In Mexico, outrage erupted across the country on the second anniversary of Mexican President Enrique Peña Nieto’s rule, as protesters denounced state-backed violence, corruption and the disappearance of 43 students in September. Over the weekend, 11 people held in maximum security prisons after an earlier protest were released following an international outcry. Anger intensified after a university student, Sandino Bucio, was grabbed from the streets Friday by undercover police who he said threatened to rape and disappear him.
In Colombia, FARC rebels have released a general and two other hostages captured last month. General Rubén Darío Alzate resigned shortly after his release, saying he should have taken more precautions. His kidnapping prompted Colombian President Juan Manuel Santos to suspend peace talks aimed at ending the 50-year conflict with the FARC.
Bahraini human rights activist Maryam Alkhawaja has been sentenced to a year in prison in absentia for what she says are false charges of assaulting police. That means Alkhawaja would face prison if she returns to Bahrain, where her father, human rights activist Abdulhadi Alkhawaja, is serving a life term. Bahrain is a key U.S. ally, home to the Navy’s Fifth Fleet.

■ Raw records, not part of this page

(* Let $n\geq 2$, $\lambda=\frac{n-1}{2}$, and let $$\mathcal K(t)=\sum_{l=1}^\infty\frac{-1}{l(n+l-1)}\cdot\frac{\lambda+l}{\lambda}\,C_l^\lambda(t).$$ For $r\in[0,1)$ and $\vartheta\in[0,\pi]$ let $$p_r(\cos\vartheta)=\frac{1}{\Sigma_n}\cdot\frac{1-r^2}{(1-2r\cos\vartheta+r^2)^{(n+1)/2}}=\frac{1}{\Sigma_n}\sum_{l=0}^\infty r^l\,\frac{\lambda+l}{\lambda}\,C_l^\lambda(\cos\vartheta),$$ where $\Sigma_n=\frac{2\pi^{(n+1)/2}}{\Gamma((n+1)/2)}$. Then, for $\vartheta\in(0,\pi]$, $$\mathcal K(\cos\vartheta)=-\lim_{\epsilon\to0}\int_0^{1-\epsilon}R^{n-2}\int_0^R\frac{\Sigma_n\, p_r(\cos\vartheta)-1}{r}\,dr\,dR.$$
   Context: $C_l^\lambda$ denotes the Gegenbauer polynomial of degree $l$ and order $\lambda$. $\Sigma_n$ is the surface area of the unit sphere $\mathcal S^n\subseteq\mathbb R^{n+1}$, and $p_r$ is the Poisson kernel on $\mathcal S^n$.
   Formalization: $\mathcal K(t)$ is the limit as s tends to 1 from below of the series with its l-th term multiplied by s to the power l, not the ordinary sum, and this limit is also asserted to exist at $\cos\vartheta$. Apart from conventions, each condition added here is assumed in the paper as well or is needed for the statement above to hold. *)

theory Defs
  imports "HOL-Analysis.Analysis"
begin

definition gegenbauer :: "nat \<Rightarrow> real \<Rightarrow> real \<Rightarrow> real" where
  "gegenbauer l lam t =
     (\<Sum>k = 0..l div 2. (-1) ^ k * pochhammer lam (l - k)
         / (fact k * fact (l - 2 * k)) * (2 * t) ^ (l - 2 * k))"

definition sphere_area :: "nat \<Rightarrow> real" where
  "sphere_area n = 2 * pi powr ((real n + 1) / 2) / Gamma ((real n + 1) / 2)"

definition poisson_kernel :: "nat \<Rightarrow> real \<Rightarrow> real \<Rightarrow> real" where
  "poisson_kernel n r t =
     (1 / sphere_area n) * (1 - r\<^sup>2) / (1 - 2 * r * t + r\<^sup>2) powr ((real n + 1) / 2)"

definition K_term :: "nat \<Rightarrow> nat \<Rightarrow> real \<Rightarrow> real" where
  "K_term n l t = (let lam = (real n - 1) / 2 in
      - 1 / (real l * (real n + real l - 1)) * ((lam + real l) / lam) * gegenbauer l lam t)"

text \<open>The series sum_{l>=1} K_term, taken in the Abel sense (the series does not
  converge in the ordinary sense for n >= 5).\<close>
definition K_kernel :: "nat \<Rightarrow> real \<Rightarrow> real" where
  "K_kernel n t = Lim (at_left 1) (\<lambda>s. \<Sum>l. s ^ (Suc l) * K_term n (Suc l) t)"

end

theory Submission
  imports Defs "HOL-Complex_Analysis.Complex_Analysis"
begin

text \<open>Expanding (1 - 2 r t + r^2) powr (-lam) and its r-derivative in powers of r gives the
  Gegenbauer expansion of the Poisson kernel, hence (Sigma_n p_r(t) - 1) / r = sum_l a_l r^l with
  a_l = (lam + l + 1) / lam * C_(l+1)^lam(t). Integrating termwise in r over [0, R] and then against
  R^(n-2) over [0, s] turns a_l r^l into a_l s^(l+n) / ((l + 1) (l + n)), which is -s^(n-1) times
  the term of index l + 1 in the Abel sum of K at s. So that Abel sum equals -Phi(s) / s^(n-1),
  where Phi(s) is the double integral. For theta > 0 the integrand extends continuously to [0, 1],
  so Phi is continuous up to s = 1 and both limits equal -Phi(1).\<close>

lemma fps_nth_X_minus_const_power:
  fixes c :: "'a::comm_ring_1"
  shows "fps_nth ((fps_X - fps_const c) ^ i) j = (if j \<le> i then of_nat (i choose j) * (- c) ^ (i - j) else 0)"
proof -
  have "(fps_X - fps_const c) ^ i = (\<Sum>k\<le>i. of_nat (i choose k) * fps_X ^ k * fps_const (- c) ^ (i - k))"
    using binomial_ring[of fps_X "fps_const (- c)" i] by (simp del: fps_const_neg add: fps_const_neg[symmetric])
  also have "\<dots> = (\<Sum>k\<le>i. fps_const (of_nat (i choose k) * (- c) ^ (i - k)) * fps_X ^ k)"
    by (simp add: fps_const_power fps_of_nat[symmetric] fps_const_mult[symmetric] mult_ac
        del: fps_const_mult)
  finally show ?thesis
    by (simp add: fps_sum_nth fps_X_power_nth if_distrib sum.delta cong: if_cong)
qed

Comedian Bill Cosby has resigned from the board of trustees of Temple University amid mounting claims he drugged and sexually assaulted women over a period of four decades. Other institutions, including Cosby’s alma mater, University of Massachusetts Amherst, have cut ties with Cosby as the number of his alleged victims has hit 20.
The president of the University of Virginia canceled a speaking event in Washington, D.C., Monday to deliver a speech at the university vowing steps to address sexual assault. An article in Rolling Stone magazine about a gang rape by fraternity members revealed a pattern of rape and impunity and sparked protests on campus. President Teresa Sullivan has outlined steps including increased policing and an added trauma counselor.

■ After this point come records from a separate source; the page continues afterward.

(* Let $\mathbb K$ be algebraically closed of characteristic zero, $T$ a torus with Lie algebra $\mathfrak t$, $V$ a finite-dimensional $T$-module and $\mu:V\oplus V^*\to\mathfrak t^*$, $\mu(x,y)(\xi)=y(\xi\cdot x)$. Then $(T,V)$ is visible if and only if the closed $T$-orbits in $\mu^{-1}(0)$ are exactly the orbits $T\cdot(x,y)$, $(x,y)\in\mu^{-1}(0)$, such that $T\cdot x$ is closed in $V$ and $T\cdot y$ is closed in $V^*$.
   Context: $(T,V)$ is visible if there are finitely many $T$-orbits $T\cdot x\subseteq V$ with $0\in\overline{T\cdot x}$. *)

theory Defs
  imports "HOL-Computational_Algebra.Polynomial"
begin

definition algebraically_closed :: "'a::field itself \<Rightarrow> bool" where
  "algebraically_closed _ \<longleftrightarrow> (\<forall>p::'a poly. degree p > 0 \<longrightarrow> (\<exists>x. poly p x = 0))"

definition aspace :: "nat \<Rightarrow> (nat \<Rightarrow> 'a::zero) set" where
  "aspace m = {x. \<forall>i\<ge>m. x i = 0}"

inductive poly_fun :: "nat \<Rightarrow> ((nat \<Rightarrow> 'a::comm_ring_1) \<Rightarrow> 'a) \<Rightarrow> bool" for m where
  pf_const: "poly_fun m (\<lambda>x. c)"
| pf_var: "i < m \<Longrightarrow> poly_fun m (\<lambda>x. x i)"
| pf_add: "poly_fun m f \<Longrightarrow> poly_fun m g \<Longrightarrow> poly_fun m (\<lambda>x. f x + g x)"
| pf_mult: "poly_fun m f \<Longrightarrow> poly_fun m g \<Longrightarrow> poly_fun m (\<lambda>x. f x * g x)"

definition zariski_closed :: "nat \<Rightarrow> (nat \<Rightarrow> 'a::comm_ring_1) set \<Rightarrow> bool" where
  "zariski_closed m S \<longleftrightarrow>
     (\<exists>F. (\<forall>f\<in>F. poly_fun m f) \<and> S = {x \<in> aspace m. \<forall>f\<in>F. f x = 0})"

definition zclosure :: "nat \<Rightarrow> (nat \<Rightarrow> 'a::comm_ring_1) set \<Rightarrow> (nat \<Rightarrow> 'a) set" where
  "zclosure m S = \<Inter>{C. zariski_closed m C \<and> S \<subseteq> C}"

definition torus :: "nat \<Rightarrow> (nat \<Rightarrow> 'a::field) set" where
  "torus r = {t. (\<forall>j<r. t j \<noteq> 0) \<and> (\<forall>j\<ge>r. t j = 1)}"

text \<open>A finite-dimensional T-module (diagonalised in a weight basis): K^m where T acts on the
  i-th coordinate by the character with exponent vector (w i 0, ..., w i (r-1)).\<close>
definition character :: "nat \<Rightarrow> (nat \<Rightarrow> int) \<Rightarrow> (nat \<Rightarrow> 'a::field) \<Rightarrow> 'a" where
  "character r \<chi> t = (\<Prod>j<r. t j powi \<chi> j)"

definition tact :: "nat \<Rightarrow> nat \<Rightarrow> (nat \<Rightarrow> nat \<Rightarrow> int) \<Rightarrow> (nat \<Rightarrow> 'a::field) \<Rightarrow> (nat \<Rightarrow> 'a) \<Rightarrow> (nat \<Rightarrow> 'a)" where
  "tact m r w t x = (\<lambda>i. if i < m then character r (w i) t * x i else 0)"

definition torbit :: "nat \<Rightarrow> nat \<Rightarrow> (nat \<Rightarrow> nat \<Rightarrow> int) \<Rightarrow> (nat \<Rightarrow> 'a::field) \<Rightarrow> (nat \<Rightarrow> 'a) set" where
  "torbit m r w x = (\<lambda>t. tact m r w t x) ` torus r"

definition visible :: "nat \<Rightarrow> nat \<Rightarrow> (nat \<Rightarrow> nat \<Rightarrow> int) \<Rightarrow> 'a::field itself \<Rightarrow> bool" where
  "visible m r w _ \<longleftrightarrow>
     finite {torbit m r w (x :: nat \<Rightarrow> 'a) | x. x \<in> aspace m \<and> (\<lambda>_. 0) \<in> zclosure m (torbit m r w x)}"

text \<open>Dual module V^*: dual basis, weights negated.\<close>
definition dual_weights :: "(nat \<Rightarrow> nat \<Rightarrow> int) \<Rightarrow> (nat \<Rightarrow> nat \<Rightarrow> int)" where
  "dual_weights w = (\<lambda>i j. - w i j)"

text \<open>V \<oplus> V^* as K^(2n): first n coordinates from V, next n from V^*.\<close>
definition pair_vec :: "nat \<Rightarrow> (nat \<Rightarrow> 'a::zero) \<Rightarrow> (nat \<Rightarrow> 'a) \<Rightarrow> (nat \<Rightarrow> 'a)" where
  "pair_vec n x y = (\<lambda>i. if i < n then x i else if i < 2 * n then y (i - n) else 0)"

definition sum_weights :: "nat \<Rightarrow> (nat \<Rightarrow> nat \<Rightarrow> int) \<Rightarrow> (nat \<Rightarrow> nat \<Rightarrow> int)" where
  "sum_weights n w = (\<lambda>i. if i < n then w i else dual_weights w (i - n))"

definition lie_act :: "nat \<Rightarrow> nat \<Rightarrow> (nat \<Rightarrow> nat \<Rightarrow> int) \<Rightarrow> (nat \<Rightarrow> 'a::field) \<Rightarrow> (nat \<Rightarrow> 'a) \<Rightarrow> (nat \<Rightarrow> 'a)" where
  "lie_act n r w \<xi> x = (\<lambda>i. if i < n then (\<Sum>j<r. of_int (w i j) * \<xi> j) * x i else 0)"

text \<open>Moment map \<mu>(x,y)(\<xi>) = y(\<xi>\<cdot>x), using the dual basis pairing.\<close>
definition moment :: "nat \<Rightarrow> nat \<Rightarrow> (nat \<Rightarrow> nat \<Rightarrow> int) \<Rightarrow> (nat \<Rightarrow> 'a::field) \<Rightarrow> (nat \<Rightarrow> 'a) \<Rightarrow> (nat \<Rightarrow> 'a) \<Rightarrow> 'a" where
  "moment n r w x y \<xi> = (\<Sum>i<n. y i * lie_act n r w \<xi> x i)"

definition moment_zero :: "nat \<Rightarrow> nat \<Rightarrow> (nat \<Rightarrow> nat \<Rightarrow> int) \<Rightarrow> ((nat \<Rightarrow> 'a::field) \<times> (nat \<Rightarrow> 'a)) set" where
  "moment_zero n r w = {(x, y). x \<in> aspace n \<and> y \<in> aspace n \<and>
      (\<forall>\<xi> \<in> aspace r. moment n r w x y \<xi> = 0)}"

end

theory Submission
  imports Defs "HOL-Library.Nat_Bijection"
begin

text \<open>
  For a diagonal torus action everything is read off from the weights on the support of a
  vector. With one-parameter subgroups and the transposition theorems of Gordan and Stiemke,
  \<open>0\<close> lies in the closure of \<open>T \<cdot> x\<close> iff these weights lie in an open half space, and \<open>T \<cdot> x\<close>
  is closed iff the cone they span is a linear subspace. Hence \<open>(T, V)\<close> is visible iff weights
  lying in an open half space are linearly independent. Under that condition the positive part
  of an integer relation among the weights is again a relation (by conformal decomposition),
  which splits a strictly positive relation on \<open>supp x \<union> supp y\<close> into relations certifying that
  \<open>T \<cdot> x\<close> and \<open>T \<cdot> y\<close> are closed; the moment map equation supplies the relations needed on
  \<open>supp x \<inter> supp y\<close>. Conversely, a relation \<open>b\<close> among weights in an open half space gives a
  point \<open>(x, y) = (1, b)\<close> of \<open>\<mu>\<^sup>-\<^sup>1(0)\<close> whose orbit is closed although \<open>T \<cdot> x\<close> is not.
\<close>

section \<open>Transposition theorems for linear inequalities\<close>

definition dot :: "nat \<Rightarrow> (nat \<Rightarrow> 'a::comm_semiring_0) \<Rightarrow> (nat \<Rightarrow> 'a) \<Rightarrow> 'a" where
  "dot r l v = (\<Sum>j<r. l j * v j)"

lemma dot_Suc: "dot (Suc r) l v = dot r l v + l r * v r"
  by (simp add: dot_def)

lemma dot_fun_upd_same: "dot r (l(r := c)) v = dot r l v"
  by (simp add: dot_def)

lemma dot_lin: "dot r l (\<lambda>j. a * v j + b * u j) = a * dot r l v + b * dot r l u"
  by (simp add: dot_def sum.distrib sum_distrib_left algebra_simps)

lemma dot_uminus: "dot r l (\<lambda>j. - v j) = - dot r l (v :: nat \<Rightarrow> 'a::comm_ring)"
  by (simp add: dot_def sum_negf)

lemma sum_dot_swap:
  "(\<Sum>i\<in>I. c i * dot r l (w i)) = (\<Sum>j<r. l j * (\<Sum>i\<in>I. c i * w i j))"
  unfolding dot_def by (simp add: sum_distrib_left sum_distrib_right mult_ac) (rule sum.swap)

lemma separating_threshold:
  fixes b :: "'i \<Rightarrow> 'f::linordered_field"
  assumes fin: "finite P" "finite N"
    and le: "\<And>p q. p \<in> P \<Longrightarrow> q \<in> N \<Longrightarrow> b p \<le> b q"
    and less: "\<And>p q. p \<in> P \<Longrightarrow> q \<in> N \<Longrightarrow> p \<in> E \<or> q \<in> E \<Longrightarrow> b p < b q"
  shows "\<exists>\<mu>. (\<forall>p\<in>P. b p \<le> \<mu> \<and> (p \<in> E \<longrightarrow> b p < \<mu>)) \<and> (\<forall>q\<in>N. \<mu> \<le> b q \<and> (q \<in> E \<longrightarrow> \<mu> < b q))"
proof -
  consider "P = {}" | "N = {}" | "P \<noteq> {}" "N \<noteq> {}" by blast
  then show ?thesis
  proof cases
    case 1
    have "Min (insert 0 (b ` N)) \<le> b q" if "q \<in> N" for q using fin that by simp
    then have "\<forall>q\<in>N. Min (insert 0 (b ` N)) - 1 < b q" by fastforce
    with 1 show ?thesis by (intro exI[of _ "Min (insert 0 (b ` N)) - 1"]) force
  next
    case 2
    have "b p \<le> Max (insert 0 (b ` P))" if "p \<in> P" for p using fin that by simp
    then have "\<forall>p\<in>P. b p < Max (insert 0 (b ` P)) + 1" by fastforce
    with 2 show ?thesis by (intro exI[of _ "Max (insert 0 (b ` P)) + 1"]) force
  next
    case 3
    have "Max (b ` P) \<in> b ` P" "Min (b ` N) \<in> b ` N" using 3 fin by (intro Max_in Min_in; simp)+
    then obtain p0 q0 where p0: "p0 \<in> P" "b p0 = Max (b ` P)" and q0: "q0 \<in> N" "b q0 = Min (b ` N)"
      by (metis imageE)
    have upper: "b p \<le> b p0" if "p \<in> P" for p using that p0 fin by simp
    have lower: "b q0 \<le> b q" if "q \<in> N" for q using that q0 fin by simp
    have "b p0 \<le> b q0" using le p0 q0 by blast
    then show ?thesis
      using upper lower less[OF _ q0(1)] less[OF p0(1)]
      by (intro exI[of _ "(b p0 + b q0) / 2"]) (fastforce simp: field_simps)
  qed
qed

In Stockholm, Sweden, the Right Livelihood Award, known as the alternative Nobel Prize, has been awarded to five people, including National Security Agency whistleblower Edward Snowden. Snowden accepted by video link from Russia.
Edward Snowden: “All the prices we’ve paid, all the sacrifices we’ve made, I believe we would do again — I know I would do again, because it was never about me … (inaudible) this is about us, this is about our rights, this is about what kind of societies that we want to live in, the kind of government that we want to have.”
Snowden was honored along with Alan Rusbridger, editor of The Guardian newspaper, which published reports using Snowden’s leaks to expose sweeping NSA surveillance. The other Right Livelihood honorees were Pakistani human rights activist Asma Jahangir, Basil Fernando of the Asian Human Rights Commission in Hong Kong and U.S. environmentalist “Bill McKibben”:http://www.democracynow.org/appearances/bill_mckibben, founder of 350.org and a leading voice against climate change.
Tonight marks the 30th anniversary of the Bhopal disaster, the worst industrial tragedy in history. Campaigners say more than 20,000 people died as a result of toxic gas that leaked from the Union Carbide pesticide factory, while half a million more were poisoned. The toxic legacy continues as Union Carbide and its parent firm, Dow Chemical, have refused to pay for clean-up or face charges in Indian court.